Mach doch eine Bibliothek in der du deine grafiken ablegst, dann kannst du sie weiter in andere Projekte Kopieren. Oder Mach die Grafik mit dem MS Paint auf in WCF dann speichern unter.

Gruss Wälder


----------



## chopper (13 November 2008)

@Waelder
Wieso nimmst du an WinCC Flexible. Wenn ich schreibe WinCC Flexible, dann meine ich auch WinCC Flexible!!!
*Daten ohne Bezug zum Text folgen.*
lemma tendsto_integral_one_minus_power_mult:
  fixes f w :: "'a \<Rightarrow> 'b::{real_normed_field, banach, second_countable_topology}"
  assumes f: "integrable M f" and w: "w \<in> borel_measurable M"
    and less_1: "\<And>u. f u \<noteq> 0 \<Longrightarrow> norm (w u) < 1"
  shows "(\<lambda>N. \<integral>u. (1 - w u ^ N) * f u \<partial>M) \<longlonglongrightarrow> integral\<^sup>L M f"
proof (rule integral_dominated_convergence[where w = "\<lambda>u. 2 * norm (f u)"])
  have bound: "norm (1 - w u ^ N) \<le> 2" if "f u \<noteq> 0" for u N
  proof -
    have "norm (w u ^ N) \<le> 1"
      using less_1[OF that] by (simp add: norm_power power_le_one)
    then show ?thesis using norm_triangle_ineq4[of 1 "w u ^ N"] by simp
  qed
  show "f \<in> borel_measurable M" using f by (rule borel_measurable_integrable)
  show "integrable M (\<lambda>u. 2 * norm (f u))" using f by (intro integrable_mult_right integrable_norm)
  show "(\<lambda>u. (1 - w u ^ N) * f u) \<in> borel_measurable M" for N
    using integrable_mult_bounded[OF f _ bound] w by (auto intro: borel_measurable_integrable)
  show "AE u in M. (\<lambda>N. (1 - w u ^ N) * f u) \<longlonglongrightarrow> f u"
  proof (rule AE_I2)
    fix u
    show "(\<lambda>N. (1 - w u ^ N) * f u) \<longlonglongrightarrow> f u"
    proof (cases "f u = 0")
      case False
      then have "(\<lambda>N. (1 - w u ^ N) * f u) \<longlonglongrightarrow> (1 - 0) * f u"
        by (intro tendsto_intros LIMSEQ_power_zero less_1)
      then show ?thesis by simp
    qed simp
  qed
  show "AE u in M. norm ((1 - w u ^ N) * f u) \<le> 2 * norm (f u)" for N
  proof (rule AE_I2)
    fix u
    show "norm ((1 - w u ^ N) * f u) \<le> 2 * norm (f u)"
      using bound[of u N] by (cases "f u = 0") (simp_all add: norm_mult mult_right_mono)
  qed
qed
theorem proposition3p3:
  fixes A B C :: "real^2" and l1 l2 X Y :: "real^3" and M1 M2 :: "real^3^3"
  assumes tri: "\<not> collinear {A, B, C}"
    and l1: "l1 \<noteq> 0" and l2: "l2 \<noteq> 0"
    and l1_vert: "\<not> on_line (hom A) l1" "\<not> on_line (hom B) l1" "\<not> on_line (hom C) l1"
    and l2_vert: "\<not> on_line (hom A) l2" "\<not> on_line (hom B) l2" "\<not> on_line (hom C) l2"
    and C1: "is_isog_image A B C l1 M1"
    and C2: "is_isog_image A B C l2 M2"
    and X: "on_line X l1" and Y: "on_line Y l1"
    and conj: "conjugate_wrt M2 X Y"
  shows "\<forall>P. is_pole M1 P l2 \<longrightarrow> on_join (isog A B C X) (isog A B C Y) P"
proof (intro allI impI)
  fix P assume "is_pole M1 P l2"
  then obtain k where pole: "M1 *v P = k *\<^sub>R l2" by (auto simp: is_pole_def proj_eq_def)
  let ?K = "circumconic_matrix ((dist B C)\<^sup>2) ((dist C A)\<^sup>2) ((dist A B)\<^sup>2)"
  define u t x y p where "u = line_bary A B C l1" and "t = line_bary A B C l2"
    and "x = bary A B C X" and "y = bary A B C Y" and "p = bary A B C P"
  obtain \<mu>1 where "\<mu>1 \<noteq> 0" and M1: "conic_bary A B C M1 = \<mu>1 *\<^sub>R ?K u"
    using isog_image_conic_bary[OF tri l1_vert C1] u_def by blast
  obtain \<mu>2 where "\<mu>2 \<noteq> 0" and M2: "conic_bary A B C M2 = \<mu>2 *\<^sub>R ?K t"
    using isog_image_conic_bary[OF tri l2_vert C2] t_def by blast
  have "u \<noteq> 0" using line_bary_nth_nonzero[OF l1_vert] by (auto simp: u_def)
  moreover have "u \<bullet> x = 0" "u \<bullet> y = 0"
    using X Y by (simp_all add: u_def x_def y_def on_line_def trimat_bary[OF tri] flip: inner_trimat)
  moreover have "?K u *v p = (k / \<mu>1) *\<^sub>R t"
    using \<open>\<mu>1 \<noteq> 0\<close> conic_bary_mult_bary[OF tri, of M1 P]
    by (simp add: M1 pole p_def t_def line_bary_def eq_vector_fraction_iff
        matrix_vector_mult_scaleR flip: scaleR_matrix_vector_assoc)
  moreover have "y \<bullet> (?K t *v x) = 0"
    using conj \<open>\<mu>2 \<noteq> 0\<close>
    by (simp add: conjugate_wrt_bary[OF tri] M2 x_def y_def flip: scaleR_matrix_vector_assoc)
  ultimately have "cross3 (isog_bary ((dist B C)\<^sup>2) ((dist C A)\<^sup>2) ((dist A B)\<^sup>2) x)
      (isog_bary ((dist B C)\<^sup>2) ((dist C A)\<^sup>2) ((dist A B)\<^sup>2) y) \<bullet> p = 0"
    by (rule isog_bary_collinear_if_conjugate)
  then have "on_join (isog A B C X) (isog A B C Y) (trimat A B C *v p)"
    by (simp add: on_join_def isog_eq_isog_bary x_def y_def cross3_matrix_inner)
  then show "on_join (isog A B C X) (isog A B C Y) P"
    by (simp add: p_def trimat_bary[OF tri])
qed

end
Meine Frage war doch ob ich alle auf einmal exportieren kann, dass es einzeln geht ist mir schon klar. In andere Projekte kann ich sie auch kopieren in dem ich zwei Instanzen von WinCC Flex laufen lasse und direkt kopiere


@ohnij
z.B. auf die lokale Festplatte

Danke


----------



## Waelder (13 November 2008)

sorry wer lesen kann ist klar im vorteil.......


----------



## johnij (13 November 2008)

chopper schrieb:


> @ohnij
> z.B. auf die lokale Festplatte
> 
> Danke


 


In Ordner


```
[FONT=Arial][FONT=Arial]C:\Program Files\Siemens\SIMATIC WinCC flexible\WinCC flexible Support\Graphics\...[/FONT][/FONT]
```


sind alle Grafiken gespeicherrt.

In der Miniaturansicht kannst Du alle Objekt, die Du schon im Projekt verwendest hast selektieren & kopieren


----------



## chopper (13 November 2008)

In "C:\Program Files\Siemens\SIMATIC WinCC flexible\WinCC flexible Support\Graphics\..." sind nur die Standard Grafiken, die WinCC Flex mitbringt gespeichert, jedoch nicht die eigen erstellen, oder ich finde sie nicht.

Danke


----------



## johnij (13 November 2008)

chopper schrieb:


> In "C:\Program Files\Siemens\SIMATIC WinCC flexible\WinCC flexible Support\Graphics\..." sind nur die Standard Grafiken, die WinCC Flex mitbringt gespeichert, jedoch nicht die eigen erstellen, oder ich finde sie nicht.
> 
> Danke


 
die eigenen Grafiken (die Du z.b mit Paint erstellt hast) kannst Du auch in den gleichen Ordner reinschmeißen.....damit Du die speicher (bei einem anderen Projekt) einsetzen kannst.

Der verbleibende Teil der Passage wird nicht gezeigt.